FDK. More or less the first 15, 18 months. They used it as an in-service training opportunity. They relied heavily on our advice with regard to good government, of how do you govern, of the Cabinet system. I really never had any problem when I chaired the Cabinet of my authority as chairman being accepted. I quite often settled disputes between ANC ministers from the chair when I chaired Cabinet and, as you know, Mbeki and I chaired on an alternative basis, on a rotating basis. It worked very well and on policy we were really able to get consensus decisions. We were listened to, we were accommodated on serious concerns, compromises were negotiated within the Cabinet and at Cabinet committee meetings but then the ANC gradually became more sure of themselves and became more, in growing terms, adamant that because they were the majority, yes we can have our say but if we can't convince them there the decision will fall and that is where the tension really started to build up, and then expected from us to defend that decision even though we opposed it within Cabinet especially from us. They didn't mind if Buthelezi disagreed in Cabinet and then went to KZN and made a scathing attack but when I did it they said, "But you're Deputy President and as Deputy President you must defend what the Cabinet does decide." That is where a lot of tension between me and Mandela, and between us and the ANC, built up which erupted at times as I describe in my autobiography, into us almost leaving at an earlier stage than we did leave in the end.

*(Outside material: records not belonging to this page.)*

lemma walk_reverse:
  assumes "simple_graph V E" and "walk E n u v"
  shows "walk E n v u"
  using assms(2)
proof (induction rule: walk.induct)
  case (walk_step u w n v)
  have "walk E 1 w u"
    using \<open>E u w\<close> assms(1) by (auto simp: simple_graph_def walk_Suc_iff walk_0_iff)
  from walk_append[OF walk_step.IH this] show ?case by simp
qed (rule walk.walk_nil)

lemma walk_hop:
  assumes "simple_connected_graph V E" and "u \<in> V" and "v \<in> V"
  shows "walk E (hop E u v) u v"
  unfolding hop_def
  by (rule LeastI_ex) (use assms in \<open>auto simp: simple_connected_graph_def connected_graph_def\<close>)

lemma hop_le_walk: "walk E n u v \<Longrightarrow> hop E u v \<le> n"
  unfolding hop_def by (rule Least_le)

lemma adjacent_iff_hop_eq_1:
  assumes "simple_connected_graph V E"
  shows "E u v \<longleftrightarrow> u \<in> V \<and> v \<in> V \<and> hop E u v = 1"
proof
  assume "E u v"
  then have uv: "u \<in> V" "v \<in> V" "u \<noteq> v"
    using assms by (auto simp: simple_connected_graph_def simple_graph_def)
  have "hop E u v \<le> 1"
    using \<open>E u v\<close> hop_le_walk walk_1_iff by metis
  moreover have "hop E u v \<noteq> 0"
    using walk_hop[OF assms uv(1,2)] uv(3) by (metis walk_0_iff)
  ultimately show "u \<in> V \<and> v \<in> V \<and> hop E u v = 1"
    using uv by simp
next
  assume "u \<in> V \<and> v \<in> V \<and> hop E u v = 1"
  then show "E u v"
    using walk_hop[OF assms] by (metis walk_1_iff)
qed

definition distance_labelling :: "'a set \<Rightarrow> ('a \<Rightarrow> 'a \<Rightarrow> bool) \<Rightarrow> 'a \<Rightarrow> ('a \<Rightarrow> nat) \<Rightarrow> bool"
  where "distance_labelling V E A d \<longleftrightarrow>
    A \<in> V \<and> d A = 0 \<and> (\<forall>v\<in>V. d v = 0 \<longrightarrow> v = A) \<and>
    (\<forall>v\<in>V. 0 < d v \<longrightarrow> (\<exists>w\<in>V. E v w \<and> d w + 1 = d v)) \<and>
    (\<forall>u\<in>V. \<forall>v\<in>V. E u v \<longrightarrow> d u \<le> d v + 1)"
(* Let $f:\mathbb{R}^n\to\mathbb{R}$ be bounded above on bounded sets, $x\in\mathbb{R}^n$, $\epsilon>0$, and suppose $g_x$ is Lipschitz at $\epsilon$ (i.e. $\operatorname{lip}g_x(\epsilon)<\infty$). Then $\operatorname{calm}\bar f_\epsilon(x)\le\operatorname{lip}g_x(\epsilon)=\sup\{|y|:y\in\partial g_x(\epsilon)\}$.
   Context: $\bar f_\epsilon(x):=\sup\{f(x'):|x'-x|\le\epsilon\}$; $g_x(\epsilon):=\bar f_\epsilon(x)$ for $\epsilon\ge0$. $\operatorname{calm}F(\bar y):=\limsup_{y\to\bar y,\,y\ne\bar y}\frac{|F(y)-F(\bar y)|}{|y-\bar y|}$, $\operatorname{lip}F(\bar y):=\limsup_{y,y'\to\bar y,\,y\ne y'}\frac{|F(y)-F(y')|}{|y-y'|}$. $\partial$ denotes the general (limiting) subdifferential: $v\in\partial g(\bar y)$ if there are $y^\nu\to\bar y$, $v^\nu\to v$ with $g(y^\nu)\to g(\bar y)$ and $g(y)\ge g(y^\nu)+v^\nu(y-y^\nu)+o(|y-y^\nu|)$. *)

theory Defs
  imports "HOL-Analysis.Analysis"
begin

definition fbar :: "('a::real_normed_vector \<Rightarrow> real) \<Rightarrow> real \<Rightarrow> 'a \<Rightarrow> real" where
  "fbar f e x = (SUP x'\<in>cball x e. f x')"

text \<open>g_x(eps) = fbar_eps(x); only its values for eps >= 0 (indeed near eps > 0) matter.\<close>
definition gfun :: "('a::real_normed_vector \<Rightarrow> real) \<Rightarrow> 'a \<Rightarrow> real \<Rightarrow> real" where
  "gfun f x = (\<lambda>e. fbar f e x)"

definition calm :: "('a::real_normed_vector \<Rightarrow> real) \<Rightarrow> 'a \<Rightarrow> ereal" where
  "calm F yb = Limsup (at yb) (\<lambda>y. ereal (\<bar>F y - F yb\<bar> / norm (y - yb)))"

definition lipm :: "('a::real_normed_vector \<Rightarrow> real) \<Rightarrow> 'a \<Rightarrow> ereal" where
  "lipm F yb = Limsup (at (yb, yb) within {p. fst p \<noteq> snd p})
      (\<lambda>p. ereal (\<bar>F (fst p) - F (snd p)\<bar> / norm (fst p - snd p)))"

definition regular_subgrad :: "(real \<Rightarrow> real) \<Rightarrow> real \<Rightarrow> real \<Rightarrow> bool" where
  "regular_subgrad g v y0 \<longleftrightarrow>
     (\<forall>e>0. \<forall>\<^sub>F y in at y0. g y \<ge> g y0 + v * (y - y0) - e * \<bar>y - y0\<bar>)"

definition general_subdiff :: "(real \<Rightarrow> real) \<Rightarrow> real \<Rightarrow> real set" where
  "general_subdiff g yb = {v. \<exists>Y V. Y \<longlonglongrightarrow> yb \<and> V \<longlonglongrightarrow> v \<and>
      (\<lambda>k. g (Y k)) \<longlonglongrightarrow> g yb \<and> (\<forall>k. regular_subgrad g (V k) (Y k))}"

end

theory Submission
  imports Defs
begin

(*
  Write G = g_x, so that G(e) = fbar_e(x).  The theorem splits into two independent facts.

  (1) calm fbar_e(x) <= lip G(e).  Moving the centre from x to y changes the ball by at most
      |y - x|, so fbar_e(y) is squeezed between G(e - |y - x|) and G(e + |y - x|); hence any
      local Lipschitz constant of G at e bounds the difference quotients of fbar_e at x.

  (2) lip G(e) = sup {|v| : v \<in> \<partial>G(e)} for EVERY real function G that is Lipschitz at e.
      "<=": a regular subgradient at a point where G is L-Lipschitz has modulus <= L, and this
      bound passes to limits.  ">=": if c < lip G(e) there are points s < t near e with
      |G t - G s| > c (t - s); a mean value inequality for regular subgradients (proved by
      minimising G - c t plus a quadratic penalty) yields regular subgradients v with |v| >= c
      at points converging to e, and a limit of these lies in \<partial>G(e).
*)

text \<open>An extended real lies below \<open>a\<close> if it lies below every real number exceeding \<open>a\<close>;
  this turns bounds by real Lipschitz constants into bounds by the modulus.\<close>
lemma ereal_le_from_real_bounds:
  fixes a b :: ereal
  assumes "\<And>L. a < ereal L \<Longrightarrow> b \<le> ereal L"
  shows "b \<le> a"
proof (rule dense_ge)
  fix z assume "a < z"
  then show "b \<le> z" using assms by (cases z) auto
qed
lemma frob_sq_lincomb:
  "frob_sq \<pi> (\<lambda>x y. a * M x y + b * N x y)
     = a\<^sup>2 * frob_sq \<pi> M + 2 * a * b * frob_inner \<pi> M N + b\<^sup>2 * frob_sq \<pi> N"
  unfolding frob_sq_eq_frob_inner frob_inner_eq_sum
  by (simp add: sum.distrib sum_distrib_left power2_eq_square algebra_simps add_divide_distrib)

lemma frob_sq_diff_Pi_mat:
  fixes \<pi> :: "'x::finite \<Rightarrow> real"
  assumes "prob_pos \<pi>" and rows: "\<And>x. (\<Sum>y\<in>UNIV. A x y) = 1"
  shows "frob_sq \<pi> (\<lambda>x y. A x y - Pi_mat \<pi> x y) = frob_sq \<pi> A - 1"
proof -
  have pos: "\<And>y. \<pi> y > 0" and total: "(\<Sum>x\<in>UNIV. \<pi> x) = 1"
    using assms(1) by (auto simp: prob_pos_def)
  have pointwise: "\<pi> x * (A x y - \<pi> y) * (A x y - \<pi> y) / \<pi> y
      = \<pi> x * A x y * A x y / \<pi> y - 2 * (\<pi> x * A x y) + \<pi> x * \<pi> y" for x y
    using pos[of y] by (simp add: field_simps)
  show ?thesis
    unfolding frob_sq_eq_frob_inner frob_inner_eq_sum Pi_mat_def pointwise
    by (simp add: sum.distrib sum_subtractf sum_distrib_left[symmetric] rows total)
qed

lemma frob_sq_reversible:
  fixes \<pi> :: "'x::finite \<Rightarrow> real"
  assumes "\<And>x. \<pi> x \<noteq> 0" and "reversible \<pi> P"
  shows "frob_sq \<pi> P = mat_trace (mat_mult P P)"
proof -
  have "\<pi> x * P x y * P x y / \<pi> y = P x y * P y x" for x y
    using assms by (simp add: reversible_def field_simps)
  then show ?thesis
    by (simp add: frob_sq_eq_frob_inner frob_inner_eq_sum mat_trace_def mat_mult_def)
qed

lemma sum_gibbs_kernel_block:
  assumes "measure_of \<pi> (Blk x) \<noteq> 0"
  shows "(\<Sum>y\<in>Blk x. gibbs_kernel \<pi> Blk x y) = 1"
  using assms by (simp add: gibbs_kernel_def measure_of_def sum_divide_distrib[symmetric])

lemma gibbs_kernel_row_sum:
  fixes \<pi> :: "'x::finite \<Rightarrow> real"
  assumes "measure_of \<pi> (Blk x) \<noteq> 0"
  shows "(\<Sum>y\<in>UNIV. gibbs_kernel \<pi> Blk x y) = 1"
proof -
  have "(\<Sum>y\<in>UNIV. gibbs_kernel \<pi> Blk x y) = (\<Sum>y\<in>Blk x. gibbs_kernel \<pi> Blk x y)"
    by (rule sum.mono_neutral_right) (auto simp: gibbs_kernel_def)
  with sum_gibbs_kernel_block[of \<pi> Blk x] assms show ?thesis by simp
qed

lemma frob_inner_gibbs_kernel:
  fixes \<pi> :: "'x::finite \<Rightarrow> real"
  assumes "\<And>y. \<pi> y \<noteq> 0"
  shows "frob_inner \<pi> M (gibbs_kernel \<pi> Blk)
     = (\<Sum>x\<in>UNIV. \<pi> x * (\<Sum>y\<in>Blk x. M x y) / measure_of \<pi> (Blk x))"
proof -
  have "(\<Sum>y\<in>UNIV. \<pi> x * M x y * gibbs_kernel \<pi> Blk x y / \<pi> y)
      = (\<Sum>y\<in>Blk x. \<pi> x * M x y / measure_of \<pi> (Blk x))" for x
    using assms by (subst sum.mono_neutral_right[of UNIV "Blk x"]) (auto simp: gibbs_kernel_def)
  then show ?thesis
    by (simp add: frob_inner_eq_sum sum_divide_distrib[symmetric] sum_distrib_left)
qed

lemma sum_cut_blocks:
  fixes f :: "'x::finite \<Rightarrow> 'x set \<Rightarrow> 'b::comm_monoid_add"
  shows "(\<Sum>x\<in>UNIV. f x (cut_blocks S x)) = (\<Sum>x\<in>S. f x S) + (\<Sum>x\<in>- S. f x (- S))"
  by (subst sum_UNIV_split_Compl[of _ S]) (simp add: cut_blocks_def)

lemma measure_of_cut_blocks_pos:
  fixes \<pi> :: "'x::finite \<Rightarrow> real"
  assumes "\<And>x. \<pi> x > 0" and "S \<noteq> {}" and "S \<noteq> UNIV"
  shows "0 < measure_of \<pi> (cut_blocks S x)"
  using assms by (auto simp: cut_blocks_def measure_of_pos_iff)

lemma flow_swap_reversible:
  assumes "reversible \<pi> P"
  shows "flow \<pi> P A B = flow \<pi> P B A"
  using assms unfolding flow_def reversible_def by (subst sum.swap) simp

lemma flow_add_flow_Compl:
  fixes P :: "'x::finite \<Rightarrow> 'x \<Rightarrow> real"
  assumes "transition_matrix P"
  shows "flow \<pi> P A B + flow \<pi> P A (- B) = measure_of \<pi> A"
proof -
  have "(\<Sum>y\<in>B. \<pi> x * P x y) + (\<Sum>y\<in>- B. \<pi> x * P x y) = \<pi> x" for x
    using assms sum_UNIV_split_Compl[of "\<lambda>y. \<pi> x * P x y" B]
    by (simp add: transition_matrix_def sum_distrib_left[symmetric])
  then show ?thesis by (simp add: flow_def measure_of_def sum.distrib[symmetric])
qed

lemma frob_sq_gibbs_kernel_cut:
  fixes \<pi> :: "'x::finite \<Rightarrow> real"
  assumes pos: "\<And>x. \<pi> x > 0" and "S \<noteq> {}" and "S \<noteq> UNIV"
  shows "frob_sq \<pi> (gibbs_kernel \<pi> (cut_blocks S)) = 2"
proof -
  have "frob_sq \<pi> (gibbs_kernel \<pi> (cut_blocks S))
      = (\<Sum>x\<in>UNIV. \<pi> x / measure_of \<pi> (cut_blocks S x))"
    using sum_gibbs_kernel_block[of \<pi> "cut_blocks S"] measure_of_cut_blocks_pos[of \<pi> S] assms
    by (simp add: frob_sq_eq_frob_inner frob_inner_gibbs_kernel less_imp_neq[symmetric])
  also have "\<dots> = measure_of \<pi> S / measure_of \<pi> S + measure_of \<pi> (- S) / measure_of \<pi> (- S)"
    using sum_cut_blocks[of "\<lambda>x B. \<pi> x / measure_of \<pi> B" S]
    by (simp add: measure_of_def sum_divide_distrib[symmetric])
  also have "\<dots> = 2"
    using assms measure_of_pos_iff[of \<pi> S] measure_of_pos_iff[of \<pi> "- S"] by auto
  finally show ?thesis .
qed

lemma frob_inner_gibbs_kernel_cut:
  fixes \<pi> :: "'x::finite \<Rightarrow> real"
  assumes pi: "prob_pos \<pi>" and P: "transition_matrix P" "reversible \<pi> P"
    and S: "S \<noteq> {}" "S \<noteq> UNIV"
  shows "frob_inner \<pi> P (gibbs_kernel \<pi> (cut_blocks S)) = 2 - cheeger_ratio \<pi> P S"
proof -
  define p where "p = measure_of \<pi> S"
  define q where "q = measure_of \<pi> (- S)"
  define Q where "Q = flow \<pi> P S (- S)"
  have pos: "\<And>x. \<pi> x > 0" using pi by (simp add: prob_pos_def)
  have "p > 0" "q > 0"
    using S measure_of_pos_iff[of \<pi> S] measure_of_pos_iff[of \<pi> "- S"] pos
    by (auto simp: p_def q_def)
  have "p + q = 1" using measure_of_Compl[OF pi, of S] by (simp add: p_def q_def)
  have "frob_inner \<pi> P (gibbs_kernel \<pi> (cut_blocks S))
      = (\<Sum>x\<in>UNIV. \<pi> x * (\<Sum>y\<in>cut_blocks S x. P x y) / measure_of \<pi> (cut_blocks S x))"
    using pos by (simp add: frob_inner_gibbs_kernel less_imp_neq[symmetric])
  also have "\<dots> = flow \<pi> P S S / p + flow \<pi> P (- S) (- S) / q"
    using sum_cut_blocks[of "\<lambda>x B. \<pi> x * (\<Sum>y\<in>B. P x y) / measure_of \<pi> B" S]
    by (simp add: flow_def p_def q_def sum_divide_distrib[symmetric] sum_distrib_left)
  also have "\<dots> = (p - Q) / p + (q - Q) / q"
  proof -
    have "flow \<pi> P S S = p - Q"
      using flow_add_flow_Compl[OF P(1), of \<pi> S S] by (simp add: p_def Q_def)
    moreover have "flow \<pi> P (- S) (- S) = q - Q"
      using flow_add_flow_Compl[OF P(1), of \<pi> "- S" "- S"] flow_swap_reversible[OF P(2), of "- S" S]
      by (simp add: q_def Q_def)
    ultimately show ?thesis by simp
  qed
  also have "\<dots> = 2 - Q / (p * q)"
    using \<open>p > 0\<close> \<open>q > 0\<close> \<open>p + q = 1\<close> by (simp add: field_simps flip: distrib_left)
  also have "\<dots> = 2 - cheeger_ratio \<pi> P S"
    by (simp add: cheeger_ratio_def flow_def p_def q_def Q_def)
  finally show ?thesis .
qed

lemma A_alpha_row_sum:
  fixes \<pi> :: "'x::finite \<Rightarrow> real"
  assumes "\<And>x. \<pi> x > 0" and "transition_matrix P" and "S \<noteq> {}" and "S \<noteq> UNIV"
  shows "(\<Sum>y\<in>UNIV. A_alpha \<alpha> \<pi> P S x y) = 1"
proof -
  have "(\<Sum>y\<in>UNIV. gibbs_kernel \<pi> (cut_blocks S) x y) = 1"
    using assms measure_of_cut_blocks_pos[of \<pi> S x] by (simp add: gibbs_kernel_row_sum)
  with \<open>transition_matrix P\<close> show ?thesis
    by (simp add: A_alpha_def sum.distrib transition_matrix_def flip: sum_distrib_left)
qed

lemma frob_sq_A_alpha_diff_Pi_mat:
  fixes \<pi> :: "'x::finite \<Rightarrow> real"
  assumes pi: "prob_pos \<pi>" and P: "transition_matrix P" "reversible \<pi> P"
    and S: "S \<noteq> {}" "S \<noteq> UNIV"
  shows "frob_sq \<pi> (\<lambda>x y. A_alpha \<alpha> \<pi> P S x y - Pi_mat \<pi> x y)
    = \<alpha>\<^sup>2 * mat_trace (mat_mult P P) - 2 * \<alpha> * (1 - \<alpha>) * cheeger_ratio \<pi> P S + 1 - 2 * \<alpha>\<^sup>2"
proof -
  have pos: "\<And>x. \<pi> x > 0" using pi by (simp add: prob_pos_def)
  have "frob_sq \<pi> (\<lambda>x y. A_alpha \<alpha> \<pi> P S x y - Pi_mat \<pi> x y) = frob_sq \<pi> (A_alpha \<alpha> \<pi> P S) - 1"
    by (rule frob_sq_diff_Pi_mat[OF pi A_alpha_row_sum]) (use pos P(1) S in auto)
  also have "frob_sq \<pi> (A_alpha \<alpha> \<pi> P S)
      = \<alpha>\<^sup>2 * frob_sq \<pi> P + 2 * \<alpha> * (1 - \<alpha>) * frob_inner \<pi> P (gibbs_kernel \<pi> (cut_blocks S))
        + (1 - \<alpha>)\<^sup>2 * frob_sq \<pi> (gibbs_kernel \<pi> (cut_blocks S))"
    unfolding A_alpha_def[abs_def] by (rule frob_sq_lincomb)
  also have "\<dots> = \<alpha>\<^sup>2 * mat_trace (mat_mult P P) + 2 * \<alpha> * (1 - \<alpha>) * (2 - cheeger_ratio \<pi> P S)
        + (1 - \<alpha>)\<^sup>2 * 2"
    using frob_sq_reversible[of \<pi> P] pos P(2) frob_inner_gibbs_kernel_cut[OF pi P S]
      frob_sq_gibbs_kernel_cut[of \<pi> S] S
    by (simp add: less_imp_neq[symmetric])
  finally show ?thesis by (simp add: power2_eq_square algebra_simps)
qed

. The concept of seeking consensus there and of fighting it out there and reaching a consensus which we all then would defend worked very well in the beginning but towards the end, because of their overwhelming numbers, started to fall apart. I also criticised some of my ministers because they did not always effectively use the opportunity which we had to oppose and almost demand consensus within the Cabinet and some of them, I think, are quite cross with me because I criticised them in that way. Instead of them putting up the fight and leaving it to me to make the peace they sat back and I had to put up the fight in order to keep my party happy that we are pursuing our goals there, also there where we sit in Cabinet.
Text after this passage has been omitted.